Ivan should have taken his spade back down the hill with him when they finished up last night. But yesterday had been pay-day, and a spade is no use to a man in the pub. So he'd stood it at the back of the works' shed, apart from the others, before dropping down to the Mandrake first, then the Old King and on to the Admiral's Purse. Where he'd ended up after that, God alone could remember. Still, Ivan Brook understood himself well enough to 
know the urge to retrieve his spade would help him out of bed in the morning, and drive him back up Granby Hill to work.

Which it had. But although he was first on site his spade wasn't where he'd left it. This annoyed him. It meant that somebody had stayed behind, or returned, to hide the thing, either in earnest, so that they might use it instead of him, or – he had to admit this was much more likely – as a wind-up, a surprise.

Ivan Brook did not like surprises.

And from bitter experience he knew his workmates knew this. So he sorted through the remaining spades, inspecting each one until he found a halfway decent replacement, determined to ignore his loss and deny satisfaction to whoever had duped him. He would keep a step ahead of them this time.

He'd be cutting foundations today. More holes. Lately that was just about all they had him doing, digging the footings for great houses up in Clifton, high above the city and docks. Why anybody would want to live so far from the heart of things baffled Ivan Brook, but then the sort of people he was digging holes for were a mystery to him, too. From up here the big merchants didn't have to tilt their heads so far back to look down their noses at the rest of town, he supposed. Each of these houses had to be bigger than the last, and each footing had to be dug correspondingly deeper, so that Ivan thought, as he trod the planks spanning the trenches and dropped down to where the earth, turned yesterday, was still a dark, reddish brown, there'd soon be more hole in Clifton than hill.
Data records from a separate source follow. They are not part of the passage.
text \<open>A generator plus a large multiple of the identity is entrywise nonnegative, and the shift
  only rescales the exponential by a positive factor.\<close>

lemma generator_trans_mat_nonneg:
  assumes A: "generator A" and t: "0 \<le> t"
  shows "0 \<le> trans_mat A t $ i $ j"
proof -
  define c where "c = mat_l1_norm A"
  have "0 \<le> (A + c *\<^sub>R mat 1) $ i $ j" for i j
    using A abs_entry_le_mat_l1_norm[of A i i] by (auto simp: generator_def mat_1_entry c_def)
  then have "0 \<le> trans_mat (A + c *\<^sub>R mat 1) t $ i $ j"
    by (rule trans_mat_nonneg_if_nonneg[OF _ t])
  moreover have "trans_mat A t = exp (- (t * c)) *\<^sub>R trans_mat (A + c *\<^sub>R mat 1) t"
    by (simp add: trans_mat_shift exp_minus_inverse[symmetric] exp_add[symmetric])
  ultimately show ?thesis
    by simp
qed

lemma generator_mat_pow_row_sum:
  assumes A: "generator A"
  shows "(\<Sum>j\<in>UNIV. mat_pow A k $ i $ j) = (if k = 0 then 1 else 0)"
proof (induction k arbitrary: i)
  case 0
  then show ?case by (simp add: mat_1_entry)
next
  case (Suc k)
  have "(\<Sum>j\<in>UNIV. mat_pow A (Suc k) $ i $ j) = (\<Sum>l\<in>UNIV. A $ i $ l * (\<Sum>j\<in>UNIV. mat_pow A k $ l $ j))"
    by (simp add: matrix_mul_entry sum_distrib_left) (rule sum.swap)
  also have "\<dots> = 0"
    using A by (simp add: Suc sum_distrib_right[symmetric] generator_def)
  finally show ?case by simp
qed

lemma generator_trans_mat_row_sum:
  assumes A: "generator A"
  shows "(\<Sum>j\<in>UNIV. trans_mat A t $ i $ j) = 1"
proof -
  have "(\<Sum>j\<in>UNIV. trans_mat A t $ i $ j) = (\<Sum>k. \<Sum>j\<in>UNIV. t ^ k / fact k * mat_pow A k $ i $ j)"
    unfolding trans_mat_entry
    by (rule suminf_sum[symmetric]) (rule sums_summable[OF trans_mat_entry_sums])
  also have "\<dots> = (\<Sum>k. if k = 0 then 1 else 0)"
  proof -
    have "(\<Sum>j\<in>UNIV. t ^ k / fact k * mat_pow A k $ i $ j) = (if k = 0 then 1 else 0)" for k
      by (subst sum_distrib_left[symmetric]) (simp add: generator_mat_pow_row_sum[OF A])
    then show ?thesis by simp
  qed
  also have "\<dots> = 1"
    using sums_single[of 0 "\<lambda>_. 1::real"] by (simp add: sums_iff)
  finally show ?thesis .
qed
He looked about the trench. Then he looked at the earth flung down the slope. He ground his teeth. A good labourer takes as much care with where he throws the spoils as he does over the shape of the hole he's digging. Somebody had destroyed Ivan's neat 
mound. The same joker as had hidden his spade, no doubt. He skirted the ragged pile of earth to where butterflies wove amongst the newly flattened buddleia stems. The slope fell away steeply here, so that the dock and sheep-spattered hills of Somerset were visible through the treetops. He put his hands on his hips, felt the breeze on his face, took a deep breath – smelling wet-earth and crushed greenery – and let his gaze fall through the view.

And then he saw it.

His spade!

Flung handle-first into the undergrowth, so that the blade appeared to be raised in salute.

He picked his way quickly downhill, through broken plants and another drift of dirt, which should have given like snow when he trod on it but didn't, because it covered something hard which rolled like a log beneath Ivan's foot, pitching him on to his hands and knees in the nettles instead.

‘For God's sake!'

He brushed himself down, took up the spade, then turned and prodded at the offending ground with it, and uncovered a blackened human head.

His breath, hooking on disbelief, hung in his chest.

Ivan bent to look more closely.

One eye gone completely. Lips peeled back. Gums studded with brown teeth. Burnt parchment skin, almost … counterfeit. But no, no, no, unmistakably, a real human head. It was attached to a woman's body, complete with arms and legs, all of which Ivan scraped clean of earth with gentle expertise. Adders churned in the workman's stomach: a charred smell filled his nostrils. This body was not long burned, meaning – he guessed – the woman was not long dead. His spade caught on something metal between 
her legs. Manacles: she had been chained ankle to ankle. And there was something not right about her middle as well, something was missing from it. The snakes rose up Ivan's throat. There was a hole where the woman's belly should have been: she'd been disembowelled.